Saved data entries:
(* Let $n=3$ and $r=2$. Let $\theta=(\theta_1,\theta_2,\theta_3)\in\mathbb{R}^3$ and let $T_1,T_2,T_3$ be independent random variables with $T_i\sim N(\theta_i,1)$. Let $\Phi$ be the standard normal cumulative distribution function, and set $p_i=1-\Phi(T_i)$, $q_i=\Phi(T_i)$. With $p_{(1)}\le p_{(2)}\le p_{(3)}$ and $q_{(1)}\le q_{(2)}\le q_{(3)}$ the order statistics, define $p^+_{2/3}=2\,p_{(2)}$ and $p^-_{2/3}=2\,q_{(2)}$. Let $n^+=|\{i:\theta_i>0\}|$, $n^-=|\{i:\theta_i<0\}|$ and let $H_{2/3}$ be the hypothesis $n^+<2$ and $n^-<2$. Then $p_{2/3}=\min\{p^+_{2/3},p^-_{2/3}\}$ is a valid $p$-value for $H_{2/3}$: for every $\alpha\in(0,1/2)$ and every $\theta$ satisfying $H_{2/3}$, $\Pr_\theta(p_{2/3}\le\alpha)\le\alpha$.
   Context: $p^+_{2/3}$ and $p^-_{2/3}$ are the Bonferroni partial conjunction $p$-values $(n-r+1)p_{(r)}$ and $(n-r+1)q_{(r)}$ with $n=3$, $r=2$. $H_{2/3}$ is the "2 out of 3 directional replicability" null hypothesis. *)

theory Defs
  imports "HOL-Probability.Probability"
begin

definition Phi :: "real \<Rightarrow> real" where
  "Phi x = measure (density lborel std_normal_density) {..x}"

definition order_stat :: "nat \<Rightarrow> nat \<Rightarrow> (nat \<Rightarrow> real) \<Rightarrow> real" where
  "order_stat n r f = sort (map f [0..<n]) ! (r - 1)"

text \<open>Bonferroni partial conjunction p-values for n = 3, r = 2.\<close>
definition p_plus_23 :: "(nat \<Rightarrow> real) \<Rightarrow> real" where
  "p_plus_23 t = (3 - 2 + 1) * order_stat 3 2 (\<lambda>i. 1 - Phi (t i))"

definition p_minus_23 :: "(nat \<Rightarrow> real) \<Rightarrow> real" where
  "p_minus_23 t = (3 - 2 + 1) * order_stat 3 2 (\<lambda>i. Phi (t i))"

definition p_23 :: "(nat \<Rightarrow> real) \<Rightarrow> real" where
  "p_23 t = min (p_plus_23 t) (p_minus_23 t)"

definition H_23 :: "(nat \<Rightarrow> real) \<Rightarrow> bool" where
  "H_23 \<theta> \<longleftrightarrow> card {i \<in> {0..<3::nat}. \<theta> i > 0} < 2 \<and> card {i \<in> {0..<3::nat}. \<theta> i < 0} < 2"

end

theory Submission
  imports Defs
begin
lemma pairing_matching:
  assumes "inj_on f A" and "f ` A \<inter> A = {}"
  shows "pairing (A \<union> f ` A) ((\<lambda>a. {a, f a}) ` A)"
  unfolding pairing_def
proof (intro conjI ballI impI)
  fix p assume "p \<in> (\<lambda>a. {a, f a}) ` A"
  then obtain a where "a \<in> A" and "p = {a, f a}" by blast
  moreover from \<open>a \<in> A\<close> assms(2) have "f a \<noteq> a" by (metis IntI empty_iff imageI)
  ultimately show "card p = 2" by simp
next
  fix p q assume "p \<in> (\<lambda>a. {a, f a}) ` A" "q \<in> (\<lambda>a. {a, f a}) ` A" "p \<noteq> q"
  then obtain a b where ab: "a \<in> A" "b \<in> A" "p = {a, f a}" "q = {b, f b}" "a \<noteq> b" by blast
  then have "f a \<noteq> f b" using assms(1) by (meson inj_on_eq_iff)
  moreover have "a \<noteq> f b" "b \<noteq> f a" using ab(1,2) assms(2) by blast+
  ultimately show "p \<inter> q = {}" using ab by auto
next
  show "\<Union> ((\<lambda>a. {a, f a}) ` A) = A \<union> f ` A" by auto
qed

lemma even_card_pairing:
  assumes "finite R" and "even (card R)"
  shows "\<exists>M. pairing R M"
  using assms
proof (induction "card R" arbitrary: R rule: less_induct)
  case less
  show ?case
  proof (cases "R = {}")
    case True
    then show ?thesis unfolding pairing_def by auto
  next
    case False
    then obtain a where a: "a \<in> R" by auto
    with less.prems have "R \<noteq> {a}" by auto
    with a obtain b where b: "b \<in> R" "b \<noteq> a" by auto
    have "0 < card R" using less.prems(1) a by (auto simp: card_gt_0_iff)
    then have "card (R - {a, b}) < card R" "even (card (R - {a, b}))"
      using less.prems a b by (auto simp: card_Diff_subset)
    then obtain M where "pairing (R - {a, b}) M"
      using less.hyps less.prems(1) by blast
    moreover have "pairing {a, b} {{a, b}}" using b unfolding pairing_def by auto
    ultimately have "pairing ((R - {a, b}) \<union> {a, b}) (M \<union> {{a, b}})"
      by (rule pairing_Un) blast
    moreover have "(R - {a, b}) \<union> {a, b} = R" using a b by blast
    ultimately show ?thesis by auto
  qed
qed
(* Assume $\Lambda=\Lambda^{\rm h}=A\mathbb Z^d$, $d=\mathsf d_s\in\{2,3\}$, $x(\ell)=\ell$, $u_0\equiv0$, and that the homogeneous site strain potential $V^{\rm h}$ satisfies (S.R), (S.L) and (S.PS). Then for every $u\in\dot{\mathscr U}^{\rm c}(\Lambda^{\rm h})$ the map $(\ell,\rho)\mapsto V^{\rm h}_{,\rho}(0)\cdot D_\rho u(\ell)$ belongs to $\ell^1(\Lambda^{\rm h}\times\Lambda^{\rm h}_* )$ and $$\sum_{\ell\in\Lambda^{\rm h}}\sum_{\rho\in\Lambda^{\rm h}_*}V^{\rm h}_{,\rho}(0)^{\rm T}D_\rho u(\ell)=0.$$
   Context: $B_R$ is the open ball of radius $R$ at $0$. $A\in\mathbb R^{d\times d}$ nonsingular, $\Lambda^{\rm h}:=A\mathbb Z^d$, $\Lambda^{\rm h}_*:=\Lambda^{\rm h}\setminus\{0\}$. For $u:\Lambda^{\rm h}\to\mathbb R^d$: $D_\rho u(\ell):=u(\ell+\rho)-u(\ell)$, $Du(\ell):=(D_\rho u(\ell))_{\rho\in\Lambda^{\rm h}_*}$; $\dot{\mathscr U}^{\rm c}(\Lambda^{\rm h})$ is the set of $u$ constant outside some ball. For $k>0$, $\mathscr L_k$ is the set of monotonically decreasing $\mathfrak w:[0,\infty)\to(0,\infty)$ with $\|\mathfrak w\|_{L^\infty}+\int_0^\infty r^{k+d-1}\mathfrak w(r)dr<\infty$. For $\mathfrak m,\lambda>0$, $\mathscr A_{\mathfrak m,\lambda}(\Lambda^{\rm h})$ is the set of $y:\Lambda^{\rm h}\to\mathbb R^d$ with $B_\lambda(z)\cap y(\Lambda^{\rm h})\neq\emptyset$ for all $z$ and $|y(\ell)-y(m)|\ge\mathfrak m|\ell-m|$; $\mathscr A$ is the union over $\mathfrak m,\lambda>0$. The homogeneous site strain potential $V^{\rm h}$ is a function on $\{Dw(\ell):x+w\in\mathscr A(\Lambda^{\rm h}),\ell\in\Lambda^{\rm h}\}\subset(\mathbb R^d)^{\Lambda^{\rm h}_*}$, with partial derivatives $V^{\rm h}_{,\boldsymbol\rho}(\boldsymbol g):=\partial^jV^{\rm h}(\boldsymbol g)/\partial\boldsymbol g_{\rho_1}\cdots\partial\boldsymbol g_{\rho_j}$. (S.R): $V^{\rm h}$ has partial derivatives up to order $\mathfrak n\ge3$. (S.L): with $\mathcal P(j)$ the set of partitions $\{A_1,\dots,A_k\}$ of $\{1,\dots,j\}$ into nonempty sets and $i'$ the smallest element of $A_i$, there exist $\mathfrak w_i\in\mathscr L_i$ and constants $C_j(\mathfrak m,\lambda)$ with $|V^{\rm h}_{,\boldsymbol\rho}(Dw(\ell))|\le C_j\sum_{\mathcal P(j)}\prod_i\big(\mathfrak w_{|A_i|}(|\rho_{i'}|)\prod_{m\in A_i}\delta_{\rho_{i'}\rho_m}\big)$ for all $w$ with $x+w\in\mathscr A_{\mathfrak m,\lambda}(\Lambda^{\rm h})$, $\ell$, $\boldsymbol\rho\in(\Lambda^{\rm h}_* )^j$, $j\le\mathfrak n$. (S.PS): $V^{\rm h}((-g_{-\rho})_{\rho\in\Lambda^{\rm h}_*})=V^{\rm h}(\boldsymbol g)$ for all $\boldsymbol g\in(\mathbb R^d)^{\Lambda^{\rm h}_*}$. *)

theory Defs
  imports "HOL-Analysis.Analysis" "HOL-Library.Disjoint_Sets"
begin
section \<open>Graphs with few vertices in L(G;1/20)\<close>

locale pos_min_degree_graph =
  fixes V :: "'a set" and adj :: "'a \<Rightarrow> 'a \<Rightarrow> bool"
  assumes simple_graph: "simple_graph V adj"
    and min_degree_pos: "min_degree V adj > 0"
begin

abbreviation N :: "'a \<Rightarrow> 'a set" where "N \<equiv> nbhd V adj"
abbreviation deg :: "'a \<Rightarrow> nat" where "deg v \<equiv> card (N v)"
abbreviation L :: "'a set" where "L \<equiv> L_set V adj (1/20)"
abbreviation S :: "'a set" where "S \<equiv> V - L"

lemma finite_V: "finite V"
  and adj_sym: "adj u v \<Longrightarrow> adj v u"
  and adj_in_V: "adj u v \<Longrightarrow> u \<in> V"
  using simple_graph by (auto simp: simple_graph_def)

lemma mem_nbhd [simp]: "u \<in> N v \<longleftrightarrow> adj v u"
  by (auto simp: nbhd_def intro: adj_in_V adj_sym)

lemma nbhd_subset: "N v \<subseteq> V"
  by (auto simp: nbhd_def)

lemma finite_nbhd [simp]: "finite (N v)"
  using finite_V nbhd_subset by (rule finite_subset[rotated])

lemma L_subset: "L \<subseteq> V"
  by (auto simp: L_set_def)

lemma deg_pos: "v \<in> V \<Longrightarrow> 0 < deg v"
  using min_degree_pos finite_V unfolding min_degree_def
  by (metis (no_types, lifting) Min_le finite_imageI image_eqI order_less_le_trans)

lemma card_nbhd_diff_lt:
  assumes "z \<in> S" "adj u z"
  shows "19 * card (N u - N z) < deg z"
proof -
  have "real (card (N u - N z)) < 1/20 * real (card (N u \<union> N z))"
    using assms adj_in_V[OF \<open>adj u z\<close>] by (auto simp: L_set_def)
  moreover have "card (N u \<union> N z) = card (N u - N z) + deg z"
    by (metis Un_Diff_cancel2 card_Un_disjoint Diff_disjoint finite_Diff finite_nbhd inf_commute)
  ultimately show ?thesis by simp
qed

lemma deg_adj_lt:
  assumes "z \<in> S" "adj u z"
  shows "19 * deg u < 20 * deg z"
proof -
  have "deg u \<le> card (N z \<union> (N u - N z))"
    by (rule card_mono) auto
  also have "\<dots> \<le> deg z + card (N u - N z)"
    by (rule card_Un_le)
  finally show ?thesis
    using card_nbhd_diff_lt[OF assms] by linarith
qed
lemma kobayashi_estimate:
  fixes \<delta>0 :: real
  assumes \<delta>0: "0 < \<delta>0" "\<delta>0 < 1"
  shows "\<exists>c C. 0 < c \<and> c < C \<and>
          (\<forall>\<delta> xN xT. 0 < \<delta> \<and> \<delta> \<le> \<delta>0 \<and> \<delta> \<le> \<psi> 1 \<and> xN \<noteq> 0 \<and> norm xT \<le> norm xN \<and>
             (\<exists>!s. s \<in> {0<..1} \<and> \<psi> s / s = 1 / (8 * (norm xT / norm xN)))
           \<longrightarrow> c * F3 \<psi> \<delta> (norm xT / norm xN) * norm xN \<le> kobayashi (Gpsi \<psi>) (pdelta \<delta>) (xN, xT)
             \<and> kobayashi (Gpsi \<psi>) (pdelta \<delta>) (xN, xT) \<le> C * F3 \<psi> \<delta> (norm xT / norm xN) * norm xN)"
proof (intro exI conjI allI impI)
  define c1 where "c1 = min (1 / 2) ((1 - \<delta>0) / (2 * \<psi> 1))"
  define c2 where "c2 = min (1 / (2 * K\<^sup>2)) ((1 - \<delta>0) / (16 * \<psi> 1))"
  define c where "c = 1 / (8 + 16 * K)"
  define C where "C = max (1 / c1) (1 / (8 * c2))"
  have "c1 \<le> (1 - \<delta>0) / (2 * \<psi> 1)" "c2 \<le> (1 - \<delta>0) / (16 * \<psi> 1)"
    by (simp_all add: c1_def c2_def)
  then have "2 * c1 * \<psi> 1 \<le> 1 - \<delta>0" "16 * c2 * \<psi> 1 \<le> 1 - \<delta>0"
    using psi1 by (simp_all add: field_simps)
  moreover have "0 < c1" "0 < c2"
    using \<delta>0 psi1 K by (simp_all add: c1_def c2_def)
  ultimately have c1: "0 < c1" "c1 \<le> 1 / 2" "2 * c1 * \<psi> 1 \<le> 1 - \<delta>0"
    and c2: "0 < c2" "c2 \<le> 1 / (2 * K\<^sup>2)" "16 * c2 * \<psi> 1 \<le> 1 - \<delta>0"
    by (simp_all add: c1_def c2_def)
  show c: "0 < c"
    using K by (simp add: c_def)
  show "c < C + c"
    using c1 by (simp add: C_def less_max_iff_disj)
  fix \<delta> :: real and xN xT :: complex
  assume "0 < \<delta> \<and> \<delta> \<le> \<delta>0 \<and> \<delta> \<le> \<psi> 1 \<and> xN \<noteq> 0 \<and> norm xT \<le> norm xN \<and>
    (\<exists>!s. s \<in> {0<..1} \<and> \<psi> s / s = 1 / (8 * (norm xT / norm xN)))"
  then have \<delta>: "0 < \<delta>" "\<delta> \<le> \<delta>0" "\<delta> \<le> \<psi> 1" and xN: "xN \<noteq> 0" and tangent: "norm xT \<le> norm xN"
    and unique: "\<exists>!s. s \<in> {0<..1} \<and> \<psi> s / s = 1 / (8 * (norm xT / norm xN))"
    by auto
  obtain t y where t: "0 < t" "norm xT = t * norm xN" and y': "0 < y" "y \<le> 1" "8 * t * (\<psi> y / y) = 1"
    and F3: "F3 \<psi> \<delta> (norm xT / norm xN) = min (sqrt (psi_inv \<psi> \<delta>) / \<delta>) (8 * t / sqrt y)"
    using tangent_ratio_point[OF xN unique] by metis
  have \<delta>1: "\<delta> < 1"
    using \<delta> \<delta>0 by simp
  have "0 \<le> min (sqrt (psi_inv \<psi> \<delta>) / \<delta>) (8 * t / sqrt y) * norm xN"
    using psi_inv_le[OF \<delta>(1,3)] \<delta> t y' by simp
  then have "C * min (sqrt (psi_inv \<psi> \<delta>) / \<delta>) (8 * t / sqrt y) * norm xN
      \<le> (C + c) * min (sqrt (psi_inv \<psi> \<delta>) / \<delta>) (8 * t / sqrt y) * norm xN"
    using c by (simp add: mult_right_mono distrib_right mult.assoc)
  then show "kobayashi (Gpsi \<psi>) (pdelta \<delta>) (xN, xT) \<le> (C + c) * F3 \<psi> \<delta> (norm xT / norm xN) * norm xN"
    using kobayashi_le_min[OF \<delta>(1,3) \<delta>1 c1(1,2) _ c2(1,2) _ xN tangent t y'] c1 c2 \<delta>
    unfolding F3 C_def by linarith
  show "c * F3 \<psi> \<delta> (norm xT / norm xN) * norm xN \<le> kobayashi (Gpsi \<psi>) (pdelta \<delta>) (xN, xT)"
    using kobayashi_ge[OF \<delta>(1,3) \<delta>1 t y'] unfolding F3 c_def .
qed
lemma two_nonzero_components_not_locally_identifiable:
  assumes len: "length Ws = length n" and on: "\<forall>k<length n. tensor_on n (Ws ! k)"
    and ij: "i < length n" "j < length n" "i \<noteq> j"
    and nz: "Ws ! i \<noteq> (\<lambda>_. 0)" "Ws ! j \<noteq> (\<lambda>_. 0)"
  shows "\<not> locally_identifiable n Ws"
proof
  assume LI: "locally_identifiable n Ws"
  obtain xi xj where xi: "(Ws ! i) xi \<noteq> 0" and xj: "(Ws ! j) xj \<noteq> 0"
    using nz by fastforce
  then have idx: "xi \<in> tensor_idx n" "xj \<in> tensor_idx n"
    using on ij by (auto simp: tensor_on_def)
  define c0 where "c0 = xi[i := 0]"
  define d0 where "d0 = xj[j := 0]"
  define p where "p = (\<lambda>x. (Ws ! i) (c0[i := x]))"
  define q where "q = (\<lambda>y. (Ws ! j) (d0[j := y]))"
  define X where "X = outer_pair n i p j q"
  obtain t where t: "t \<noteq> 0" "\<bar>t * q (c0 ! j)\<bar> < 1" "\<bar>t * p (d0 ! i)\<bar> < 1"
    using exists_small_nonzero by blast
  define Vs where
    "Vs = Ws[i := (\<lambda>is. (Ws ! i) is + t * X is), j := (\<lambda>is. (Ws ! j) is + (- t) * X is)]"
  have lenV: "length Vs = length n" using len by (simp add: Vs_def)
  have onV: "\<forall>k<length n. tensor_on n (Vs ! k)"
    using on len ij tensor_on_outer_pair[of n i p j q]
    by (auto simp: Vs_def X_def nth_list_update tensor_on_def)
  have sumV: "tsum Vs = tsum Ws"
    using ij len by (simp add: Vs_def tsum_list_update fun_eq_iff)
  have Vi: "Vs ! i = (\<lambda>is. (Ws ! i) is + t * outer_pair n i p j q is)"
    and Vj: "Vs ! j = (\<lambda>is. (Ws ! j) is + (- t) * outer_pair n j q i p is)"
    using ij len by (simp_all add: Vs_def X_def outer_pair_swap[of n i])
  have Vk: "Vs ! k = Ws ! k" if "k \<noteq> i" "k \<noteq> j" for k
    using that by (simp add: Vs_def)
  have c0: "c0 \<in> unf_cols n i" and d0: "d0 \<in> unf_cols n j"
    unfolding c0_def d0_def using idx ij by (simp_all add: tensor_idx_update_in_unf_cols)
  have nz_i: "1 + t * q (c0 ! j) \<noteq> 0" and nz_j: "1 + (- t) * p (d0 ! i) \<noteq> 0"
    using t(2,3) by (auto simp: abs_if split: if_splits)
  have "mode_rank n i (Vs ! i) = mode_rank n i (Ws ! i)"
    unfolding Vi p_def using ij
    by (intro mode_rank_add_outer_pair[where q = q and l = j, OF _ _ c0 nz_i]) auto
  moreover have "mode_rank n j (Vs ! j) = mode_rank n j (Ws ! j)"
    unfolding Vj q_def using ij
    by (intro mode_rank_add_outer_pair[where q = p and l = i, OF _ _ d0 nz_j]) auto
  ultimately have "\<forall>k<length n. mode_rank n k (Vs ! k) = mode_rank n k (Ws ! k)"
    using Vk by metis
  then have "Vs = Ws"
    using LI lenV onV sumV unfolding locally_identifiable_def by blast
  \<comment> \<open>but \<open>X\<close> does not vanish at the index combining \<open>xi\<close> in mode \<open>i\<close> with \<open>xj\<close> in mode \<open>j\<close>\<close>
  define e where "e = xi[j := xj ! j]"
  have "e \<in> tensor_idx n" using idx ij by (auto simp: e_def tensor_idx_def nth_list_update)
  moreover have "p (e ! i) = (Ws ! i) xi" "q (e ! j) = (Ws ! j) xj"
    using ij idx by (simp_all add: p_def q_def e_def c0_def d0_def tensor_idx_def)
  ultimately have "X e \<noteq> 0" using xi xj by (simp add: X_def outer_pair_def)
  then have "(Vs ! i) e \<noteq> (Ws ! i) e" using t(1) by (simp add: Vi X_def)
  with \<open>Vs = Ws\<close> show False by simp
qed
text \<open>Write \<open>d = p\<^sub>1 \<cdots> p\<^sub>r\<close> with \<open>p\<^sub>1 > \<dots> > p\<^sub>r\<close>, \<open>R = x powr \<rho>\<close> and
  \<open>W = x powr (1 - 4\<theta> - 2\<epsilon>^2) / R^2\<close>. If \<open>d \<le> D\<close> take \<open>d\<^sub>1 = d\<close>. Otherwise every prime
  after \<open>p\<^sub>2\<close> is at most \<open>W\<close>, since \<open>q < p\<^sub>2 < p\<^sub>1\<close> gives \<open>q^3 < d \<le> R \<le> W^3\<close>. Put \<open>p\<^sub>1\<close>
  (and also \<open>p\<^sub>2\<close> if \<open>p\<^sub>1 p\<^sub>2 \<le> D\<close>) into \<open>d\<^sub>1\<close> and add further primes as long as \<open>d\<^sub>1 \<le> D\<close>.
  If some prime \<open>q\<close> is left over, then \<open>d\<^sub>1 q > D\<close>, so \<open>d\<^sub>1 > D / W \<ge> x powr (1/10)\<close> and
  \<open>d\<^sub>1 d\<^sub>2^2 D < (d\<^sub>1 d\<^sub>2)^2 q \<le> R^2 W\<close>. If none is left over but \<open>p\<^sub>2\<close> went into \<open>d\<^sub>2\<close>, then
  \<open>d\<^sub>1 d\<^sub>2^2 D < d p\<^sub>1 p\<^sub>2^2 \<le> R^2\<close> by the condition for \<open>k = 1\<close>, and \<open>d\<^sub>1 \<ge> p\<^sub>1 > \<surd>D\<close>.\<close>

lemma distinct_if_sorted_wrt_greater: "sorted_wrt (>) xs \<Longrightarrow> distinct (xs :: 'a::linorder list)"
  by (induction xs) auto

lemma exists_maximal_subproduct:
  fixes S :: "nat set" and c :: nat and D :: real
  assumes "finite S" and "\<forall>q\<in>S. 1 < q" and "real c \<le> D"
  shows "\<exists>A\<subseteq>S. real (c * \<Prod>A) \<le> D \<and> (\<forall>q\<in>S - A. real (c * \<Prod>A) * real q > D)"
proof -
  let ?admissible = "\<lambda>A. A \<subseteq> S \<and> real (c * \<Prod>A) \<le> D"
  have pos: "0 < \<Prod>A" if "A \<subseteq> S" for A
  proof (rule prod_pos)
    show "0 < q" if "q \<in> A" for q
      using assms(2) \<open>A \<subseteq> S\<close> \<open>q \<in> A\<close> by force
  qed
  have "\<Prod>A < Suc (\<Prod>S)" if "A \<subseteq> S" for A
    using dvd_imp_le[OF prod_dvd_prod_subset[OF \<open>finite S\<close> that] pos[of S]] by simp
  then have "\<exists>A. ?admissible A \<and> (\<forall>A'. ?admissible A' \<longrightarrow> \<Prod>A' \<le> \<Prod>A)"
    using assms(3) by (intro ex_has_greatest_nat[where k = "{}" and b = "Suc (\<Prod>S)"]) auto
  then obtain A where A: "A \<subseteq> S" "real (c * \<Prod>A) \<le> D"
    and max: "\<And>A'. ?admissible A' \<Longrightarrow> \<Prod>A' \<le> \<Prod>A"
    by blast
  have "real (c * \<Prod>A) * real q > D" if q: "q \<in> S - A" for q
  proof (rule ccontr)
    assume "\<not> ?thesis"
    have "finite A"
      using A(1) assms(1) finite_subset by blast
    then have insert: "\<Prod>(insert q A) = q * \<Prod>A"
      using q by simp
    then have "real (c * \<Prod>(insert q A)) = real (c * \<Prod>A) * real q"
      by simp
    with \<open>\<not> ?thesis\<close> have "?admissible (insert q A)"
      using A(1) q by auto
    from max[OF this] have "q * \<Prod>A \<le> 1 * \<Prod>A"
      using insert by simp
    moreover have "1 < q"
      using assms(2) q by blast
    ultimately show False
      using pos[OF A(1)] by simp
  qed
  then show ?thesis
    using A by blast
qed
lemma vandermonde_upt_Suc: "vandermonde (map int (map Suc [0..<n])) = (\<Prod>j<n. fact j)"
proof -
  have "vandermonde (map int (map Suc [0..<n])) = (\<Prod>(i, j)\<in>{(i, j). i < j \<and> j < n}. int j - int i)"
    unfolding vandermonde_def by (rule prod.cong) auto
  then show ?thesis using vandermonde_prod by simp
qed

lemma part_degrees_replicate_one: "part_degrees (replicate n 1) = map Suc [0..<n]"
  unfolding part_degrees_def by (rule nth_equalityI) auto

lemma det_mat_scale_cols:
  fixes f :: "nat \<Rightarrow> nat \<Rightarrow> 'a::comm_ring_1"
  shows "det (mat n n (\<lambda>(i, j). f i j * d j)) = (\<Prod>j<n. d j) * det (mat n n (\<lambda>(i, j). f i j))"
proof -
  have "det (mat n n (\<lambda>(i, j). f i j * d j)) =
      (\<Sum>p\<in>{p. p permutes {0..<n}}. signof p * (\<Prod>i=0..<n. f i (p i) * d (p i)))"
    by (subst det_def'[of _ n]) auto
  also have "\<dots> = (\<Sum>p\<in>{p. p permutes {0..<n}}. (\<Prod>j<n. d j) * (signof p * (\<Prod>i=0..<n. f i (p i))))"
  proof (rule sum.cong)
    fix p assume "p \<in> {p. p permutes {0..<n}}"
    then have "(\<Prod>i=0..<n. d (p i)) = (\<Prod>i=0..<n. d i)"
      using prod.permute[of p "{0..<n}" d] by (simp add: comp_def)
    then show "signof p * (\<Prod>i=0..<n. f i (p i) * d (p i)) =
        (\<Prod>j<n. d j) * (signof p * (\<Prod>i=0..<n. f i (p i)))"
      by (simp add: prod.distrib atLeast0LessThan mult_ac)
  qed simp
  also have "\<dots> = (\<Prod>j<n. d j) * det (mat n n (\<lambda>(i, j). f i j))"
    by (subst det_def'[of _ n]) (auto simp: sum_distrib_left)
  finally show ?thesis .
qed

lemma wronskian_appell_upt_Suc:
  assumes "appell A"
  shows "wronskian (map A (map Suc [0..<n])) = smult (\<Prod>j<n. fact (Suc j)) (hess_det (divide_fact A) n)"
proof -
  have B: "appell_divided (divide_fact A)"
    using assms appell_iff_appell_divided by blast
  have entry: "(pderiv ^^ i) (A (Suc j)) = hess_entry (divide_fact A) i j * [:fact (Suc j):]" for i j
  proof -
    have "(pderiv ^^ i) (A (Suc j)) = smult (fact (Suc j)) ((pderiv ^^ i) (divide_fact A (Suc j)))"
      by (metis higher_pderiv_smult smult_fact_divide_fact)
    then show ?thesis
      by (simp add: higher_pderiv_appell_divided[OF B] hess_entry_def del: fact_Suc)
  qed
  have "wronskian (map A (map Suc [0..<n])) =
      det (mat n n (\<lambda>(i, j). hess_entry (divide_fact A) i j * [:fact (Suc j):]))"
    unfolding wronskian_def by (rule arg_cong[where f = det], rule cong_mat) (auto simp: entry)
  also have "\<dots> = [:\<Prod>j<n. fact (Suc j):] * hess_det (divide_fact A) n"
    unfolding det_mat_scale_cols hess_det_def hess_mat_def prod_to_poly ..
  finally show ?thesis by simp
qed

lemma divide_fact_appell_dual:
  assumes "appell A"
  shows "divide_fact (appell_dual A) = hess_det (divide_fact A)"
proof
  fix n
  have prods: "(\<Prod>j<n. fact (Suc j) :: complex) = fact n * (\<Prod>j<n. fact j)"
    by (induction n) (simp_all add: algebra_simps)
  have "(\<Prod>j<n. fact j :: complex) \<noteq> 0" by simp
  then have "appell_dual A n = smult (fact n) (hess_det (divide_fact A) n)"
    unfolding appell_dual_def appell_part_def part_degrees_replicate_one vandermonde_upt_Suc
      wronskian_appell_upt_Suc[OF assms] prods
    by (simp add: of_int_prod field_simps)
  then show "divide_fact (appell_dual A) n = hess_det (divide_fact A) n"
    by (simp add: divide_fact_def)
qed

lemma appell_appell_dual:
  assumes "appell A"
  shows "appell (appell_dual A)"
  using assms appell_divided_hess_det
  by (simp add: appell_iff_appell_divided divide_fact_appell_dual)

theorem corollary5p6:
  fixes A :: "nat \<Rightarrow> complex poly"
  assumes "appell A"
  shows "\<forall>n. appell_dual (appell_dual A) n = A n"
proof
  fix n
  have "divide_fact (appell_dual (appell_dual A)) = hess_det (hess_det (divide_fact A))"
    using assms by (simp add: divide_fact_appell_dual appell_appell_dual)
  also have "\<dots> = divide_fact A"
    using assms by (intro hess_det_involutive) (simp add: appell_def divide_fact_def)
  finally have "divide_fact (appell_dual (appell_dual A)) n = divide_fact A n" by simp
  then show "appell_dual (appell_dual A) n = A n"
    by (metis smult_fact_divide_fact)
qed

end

* **Task goal**
In the entries above, which lines hold the string "unique"? Report all of them.

* **Task solution**
    and unique: "\<exists>!s. s \<in> {0<..1} \<and> \<psi> s / s = 1 / (8 * (norm xT / norm xN))"
    using tangent_ratio_point[OF xN unique] by metis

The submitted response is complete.